Print the material underneath in full, keeping every line exactly as it is.

▼▼▼

lemma kernel_vec_eq_0_if_cols_jointly_indep:
  fixes V :: "'a::field mat"
  assumes ind: "cols_jointly_indep V A {}" and V: "V \<in> carrier_mat k n" and A: "A \<subseteq> {..<n}"
    and w: "w \<in> carrier_vec n" "V *\<^sub>v w = 0\<^sub>v k" "supp_vec w \<subseteq> A"
  shows "w = 0\<^sub>v n"
proof -
  have "restrict_cols V A *\<^sub>v restrict_vec w A = 0\<^sub>v (dim_row V)"
    using mult_vec_restrict_vec[OF V A w(1,3)] w(2) V by simp
  then have "restrict_vec w A = 0\<^sub>v (card A)"
    using ind restrict_vec_carrier unfolding cols_jointly_indep_empty_iff by blast
  moreover have "finite A" using A finite_subset by blast
  ultimately show ?thesis using vec_eq_0_if_restrict_vec_eq_0 w(1,3) by blast
qed

lemma restrict_extend_vec_disjoint:
  assumes "B \<subseteq> {..<n}" "A \<inter> B = {}"
  shows "restrict_vec (extend_vec n A u) B = 0\<^sub>v (card B)"
proof (rule restrict_vec_eq_0)
  show "finite B" using assms(1) finite_subset by blast
  fix j assume "j \<in> B"
  then have "j < n" "j \<notin> A" using assms by auto
  then show "extend_vec n A u $ j = 0" by (simp add: extend_vec_def)
qed

lemma cols_jointly_indep_if_kernel_vec_eq_0:
  fixes V :: "'a::field mat"
  assumes V: "V \<in> carrier_mat k n" and A: "A1 \<subseteq> {..<n}" "A2 \<subseteq> {..<n}" "A1 \<inter> A2 = {}"
    and ker: "\<And>w. w \<in> carrier_vec n \<Longrightarrow> V *\<^sub>v w = 0\<^sub>v k \<Longrightarrow> supp_vec w \<subseteq> A1 \<union> A2 \<Longrightarrow> w = 0\<^sub>v n"
  shows "cols_jointly_indep V A1 A2"
  unfolding cols_jointly_indep_def
proof (intro ballI impI)
  fix y1 y2 assume y: "y1 \<in> carrier_vec (card A1)" "y2 \<in> carrier_vec (card A2)"
    and eq: "restrict_cols V A1 *\<^sub>v y1 = restrict_cols V A2 *\<^sub>v y2"
  let ?e1 = "extend_vec n A1 y1" and ?e2 = "extend_vec n A2 y2"
  have "V *\<^sub>v (?e1 - ?e2) = V *\<^sub>v ?e1 - V *\<^sub>v ?e2"
    using V by (simp add: mult_minus_distrib_mat_vec)
  also have "\<dots> = 0\<^sub>v k"
    using eq V restrict_cols_mult_vec_carrier[of V A2 y2]
    by (simp add: mult_vec_extend_vec[OF V A(1) y(1)] mult_vec_extend_vec[OF V A(2) y(2)])
  finally have "?e1 - ?e2 = 0\<^sub>v n"
    by (intro ker) (auto simp: supp_vec_def extend_vec_def split: if_splits)
  then have e: "?e1 = ?e2" by (auto simp: vec_eq_iff)
  have "y1 = restrict_vec ?e2 A1"
    using restrict_extend_vec[OF A(1) y(1)] e by simp
  moreover have "y2 = restrict_vec ?e1 A2"
    using restrict_extend_vec[OF A(2) y(2)] e by simp
  ultimately show "y1 = 0\<^sub>v (card A1) \<and> y2 = 0\<^sub>v (card A2)"
    using A by (simp add: restrict_extend_vec_disjoint Int_commute)
qed

section \<open>Generic matrices\<close>

definition mpoly_var :: "nat \<times> nat \<Rightarrow> 'a::field mpoly_pm" where
  "mpoly_var v = Poly_Mapping.single (Poly_Mapping.single v 1) 1"

lemma generic_mat_eq: "generic_mat m n = mat m n (\<lambda>(i, j). to_fract (mpoly_var (i, j)))"
  unfolding generic_mat_def mpoly_var_def to_fract_def ..

lemma prod_mpoly_var:
  "(\<Prod>i\<in>S. mpoly_var (i, f i)) =
     (Poly_Mapping.single (\<Sum>i\<in>S. Poly_Mapping.single (i, f i) 1) 1 :: 'a::field mpoly_pm)"
  by (induction S rule: infinite_finite_induct) (simp_all add: mpoly_var_def mult_single)

lemma lookup_sum_single:
  fixes f :: "nat \<Rightarrow> nat"
  shows "Poly_Mapping.lookup (\<Sum>i'\<in>{0..<a}. Poly_Mapping.single (i', f i') (1::nat)) (i, j) =
     (if i < a \<and> f i = j then 1 else 0)"
proof -
  have "Poly_Mapping.lookup (\<Sum>i'\<in>{0..<a}. Poly_Mapping.single (i', f i') (1::nat)) (i, j) =
      (\<Sum>i'\<in>{0..<a}. if i' = i then (if f i = j then 1 else 0) else 0)"
    unfolding lookup_sum by (intro sum.cong) (auto simp: lookup_single when_def)
  then show ?thesis by (simp add: sum.delta)
qed

lemma lookup_signof_mult:
  "Poly_Mapping.lookup (signof p * q) k = signof p * Poly_Mapping.lookup q k"
  for q :: "'a::field mpoly_pm"
  by (cases "evenperm p") (simp_all add: sign_def)

lemma perm_eq_id_if_monomial_eq:
  fixes g :: "nat \<Rightarrow> nat"
  assumes g: "inj_on g {0..<a}" and p: "p permutes {0..<a}"
    and eq: "(\<Sum>i\<in>{0..<a}. Poly_Mapping.single (i, g (p i)) (1::nat)) =
      (\<Sum>i\<in>{0..<a}. Poly_Mapping.single (i, g i) 1)"
  shows "p = id"
proof
  fix i show "p i = id i"
  proof (cases "i < a")
    case True
    have pi: "p i < a" using p True permutes_in_image[of p "{0..<a}" i] by auto
    have "Poly_Mapping.lookup (\<Sum>i\<in>{0..<a}. Poly_Mapping.single (i, g i) (1::nat)) (i, g (p i))
        = 1"
      unfolding eq[symmetric] lookup_sum_single using True by simp
    then have "g i = g (p i)" unfolding lookup_sum_single by (simp split: if_splits)
    then show ?thesis using g True pi by (simp add: inj_on_def)
  next
    case False
    then show ?thesis using p by (auto simp: permutes_def)
  qed
qed

lemma det_mpoly_var_mat_ne_0:
  fixes g :: "nat \<Rightarrow> nat"
  assumes g: "inj_on g {0..<a}"
  shows "det (mat a a (\<lambda>(i, j). mpoly_var (i, g j)) :: 'a::field mpoly_pm mat) \<noteq> 0"
proof -
  let ?M = "mat a a (\<lambda>(i, j). mpoly_var (i, g j)) :: 'a mpoly_pm mat"
  let ?P = "{p. p permutes {0..<a}}"
  define e where "e p = (\<Sum>i\<in>{0..<a}. Poly_Mapping.single (i, g (p i)) (1::nat))" for p
  have "p i < a" if "p \<in> ?P" "i < a" for p i
    using that permutes_in_image[of p "{0..<a}" i] by auto
  then have det: "det ?M = (\<Sum>p\<in>?P. signof p * Poly_Mapping.single (e p) 1)"
    unfolding det_def'[of ?M a, OF mat_carrier] e_def prod_mpoly_var[symmetric]
    by (intro sum.cong refl arg_cong2[where f = "(*)"] prod.cong) auto
  have "e p = e id \<longleftrightarrow> p = id" if "p \<in> ?P" for p
    using perm_eq_id_if_monomial_eq[OF g] that unfolding e_def by auto
  then have "Poly_Mapping.lookup (det ?M) (e id) = (\<Sum>p\<in>?P. if p = id then signof p else 0)"
    unfolding det lookup_sum lookup_signof_mult
    by (intro sum.cong refl) (auto simp: lookup_single when_def)
  also have "\<dots> = 1"
    by (simp add: sum.delta' finite_permutations permutes_id)
  finally show ?thesis by auto
qed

▲▲▲

**RESPONSE**
lemma kernel_vec_eq_0_if_cols_jointly_indep:
  fixes V :: "'a::field mat"
  assumes ind: "cols_jointly_indep V A {}" and V: "V \<in> carrier_mat k n" and A: "A \<subseteq> {..<n}"
    and w: "w \<in> carrier_vec n" "V *\<^sub>v w = 0\<^sub>v k" "supp_vec w \<subseteq> A"
  shows "w = 0\<^sub>v n"
proof -
  have "restrict_cols V A *\<^sub>v restrict_vec w A = 0\<^sub>v (dim_row V)"
    using mult_vec_restrict_vec[OF V A w(1,3)] w(2) V by simp
  then have "restrict_vec w A = 0\<^sub>v (card A)"
    using ind restrict_vec_carrier unfolding cols_jointly_indep_empty_iff by blast
  moreover have "finite A" using A finite_subset by blast
  ultimately show ?thesis using vec_eq_0_if_restrict_vec_eq_0 w(1,3) by blast
qed

lemma restrict_extend_vec_disjoint:
  assumes "B \<subseteq> {..<n}" "A \<inter> B = {}"
  shows "restrict_vec (extend_vec n A u) B = 0\<^sub>v (card B)"
proof (rule restrict_vec_eq_0)
  show "finite B" using assms(1) finite_subset by blast
  fix j assume "j \<in> B"
  then have "j < n" "j \<notin> A" using assms by auto
  then show "extend_vec n A u $ j = 0" by (simp add: extend_vec_def)
qed

lemma cols_jointly_indep_if_kernel_vec_eq_0:
  fixes V :: "'a::field mat"
  assumes V: "V \<in> carrier_mat k n" and A: "A1 \<subseteq> {..<n}" "A2 \<subseteq> {..<n}" "A1 \<inter> A2 = {}"
    and ker: "\<And>w. w \<in> carrier_vec n \<Longrightarrow> V *\<^sub>v w = 0\<^sub>v k \<Longrightarrow> supp_vec w \<subseteq> A1 \<union> A2 \<Longrightarrow> w = 0\<^sub>v n"
  shows "cols_jointly_indep V A1 A2"
  unfolding cols_jointly_indep_def
proof (intro ballI impI)
  fix y1 y2 assume y: "y1 \<in> carrier_vec (card A1)" "y2 \<in> carrier_vec (card A2)"
    and eq: "restrict_cols V A1 *\<^sub>v y1 = restrict_cols V A2 *\<^sub>v y2"
  let ?e1 = "extend_vec n A1 y1" and ?e2 = "extend_vec n A2 y2"
  have "V *\<^sub>v (?e1 - ?e2) = V *\<^sub>v ?e1 - V *\<^sub>v ?e2"
    using V by (simp add: mult_minus_distrib_mat_vec)
  also have "\<dots> = 0\<^sub>v k"
    using eq V restrict_cols_mult_vec_carrier[of V A2 y2]
    by (simp add: mult_vec_extend_vec[OF V A(1) y(1)] mult_vec_extend_vec[OF V A(2) y(2)])
  finally have "?e1 - ?e2 = 0\<^sub>v n"
    by (intro ker) (auto simp: supp_vec_def extend_vec_def split: if_splits)
  then have e: "?e1 = ?e2" by (auto simp: vec_eq_iff)
  have "y1 = restrict_vec ?e2 A1"
    using restrict_extend_vec[OF A(1) y(1)] e by simp
  moreover have "y2 = restrict_vec ?e1 A2"
    using restrict_extend_vec[OF A(2) y(2)] e by simp
  ultimately show "y1 = 0\<^sub>v (card A1) \<and> y2 = 0\<^sub>v (card A2)"
    using A by (simp add: restrict_extend_vec_disjoint Int_commute)
qed

section \<open>Generic matrices\<close>

definition mpoly_var :: "nat \<times> nat \<Rightarrow> 'a::field mpoly_pm" where
  "mpoly_var v = Poly_Mapping.single (Poly_Mapping.single v 1) 1"

lemma generic_mat_eq: "generic_mat m n = mat m n (\<lambda>(i, j). to_fract (mpoly_var (i, j)))"
  unfolding generic_mat_def mpoly_var_def to_fract_def ..

lemma prod_mpoly_var:
  "(\<Prod>i\<in>S. mpoly_var (i, f i)) =
     (Poly_Mapping.single (\<Sum>i\<in>S. Poly_Mapping.single (i, f i) 1) 1 :: 'a::field mpoly_pm)"
  by (induction S rule: infinite_finite_induct) (simp_all add: mpoly_var_def mult_single)

lemma lookup_sum_single:
  fixes f :: "nat \<Rightarrow> nat"
  shows "Poly_Mapping.lookup (\<Sum>i'\<in>{0..<a}. Poly_Mapping.single (i', f i') (1::nat)) (i, j) =
     (if i < a \<and> f i = j then 1 else 0)"
proof -
  have "Poly_Mapping.lookup (\<Sum>i'\<in>{0..<a}. Poly_Mapping.single (i', f i') (1::nat)) (i, j) =
      (\<Sum>i'\<in>{0..<a}. if i' = i then (if f i = j then 1 else 0) else 0)"
    unfolding lookup_sum by (intro sum.cong) (auto simp: lookup_single when_def)
  then show ?thesis by (simp add: sum.delta)
qed

lemma lookup_signof_mult:
  "Poly_Mapping.lookup (signof p * q) k = signof p * Poly_Mapping.lookup q k"
  for q :: "'a::field mpoly_pm"
  by (cases "evenperm p") (simp_all add: sign_def)

lemma perm_eq_id_if_monomial_eq:
  fixes g :: "nat \<Rightarrow> nat"
  assumes g: "inj_on g {0..<a}" and p: "p permutes {0..<a}"
    and eq: "(\<Sum>i\<in>{0..<a}. Poly_Mapping.single (i, g (p i)) (1::nat)) =
      (\<Sum>i\<in>{0..<a}. Poly_Mapping.single (i, g i) 1)"
  shows "p = id"
proof
  fix i show "p i = id i"
  proof (cases "i < a")
    case True
    have pi: "p i < a" using p True permutes_in_image[of p "{0..<a}" i] by auto
    have "Poly_Mapping.lookup (\<Sum>i\<in>{0..<a}. Poly_Mapping.single (i, g i) (1::nat)) (i, g (p i))
        = 1"
      unfolding eq[symmetric] lookup_sum_single using True by simp
    then have "g i = g (p i)" unfolding lookup_sum_single by (simp split: if_splits)
    then show ?thesis using g True pi by (simp add: inj_on_def)
  next
    case False
    then show ?thesis using p by (auto simp: permutes_def)
  qed
qed

lemma det_mpoly_var_mat_ne_0:
  fixes g :: "nat \<Rightarrow> nat"
  assumes g: "inj_on g {0..<a}"
  shows "det (mat a a (\<lambda>(i, j). mpoly_var (i, g j)) :: 'a::field mpoly_pm mat) \<noteq> 0"
proof -
  let ?M = "mat a a (\<lambda>(i, j). mpoly_var (i, g j)) :: 'a mpoly_pm mat"
  let ?P = "{p. p permutes {0..<a}}"
  define e where "e p = (\<Sum>i\<in>{0..<a}. Poly_Mapping.single (i, g (p i)) (1::nat))" for p
  have "p i < a" if "p \<in> ?P" "i < a" for p i
    using that permutes_in_image[of p "{0..<a}" i] by auto
  then have det: "det ?M = (\<Sum>p\<in>?P. signof p * Poly_Mapping.single (e p) 1)"
    unfolding det_def'[of ?M a, OF mat_carrier] e_def prod_mpoly_var[symmetric]
    by (intro sum.cong refl arg_cong2[where f = "(*)"] prod.cong) auto
  have "e p = e id \<longleftrightarrow> p = id" if "p \<in> ?P" for p
    using perm_eq_id_if_monomial_eq[OF g] that unfolding e_def by auto
  then have "Poly_Mapping.lookup (det ?M) (e id) = (\<Sum>p\<in>?P. if p = id then signof p else 0)"
    unfolding det lookup_sum lookup_signof_mult
    by (intro sum.cong refl) (auto simp: lookup_single when_def)
  also have "\<dots> = 1"
    by (simp add: sum.delta' finite_permutations permutes_id)
  finally show ?thesis by auto
qed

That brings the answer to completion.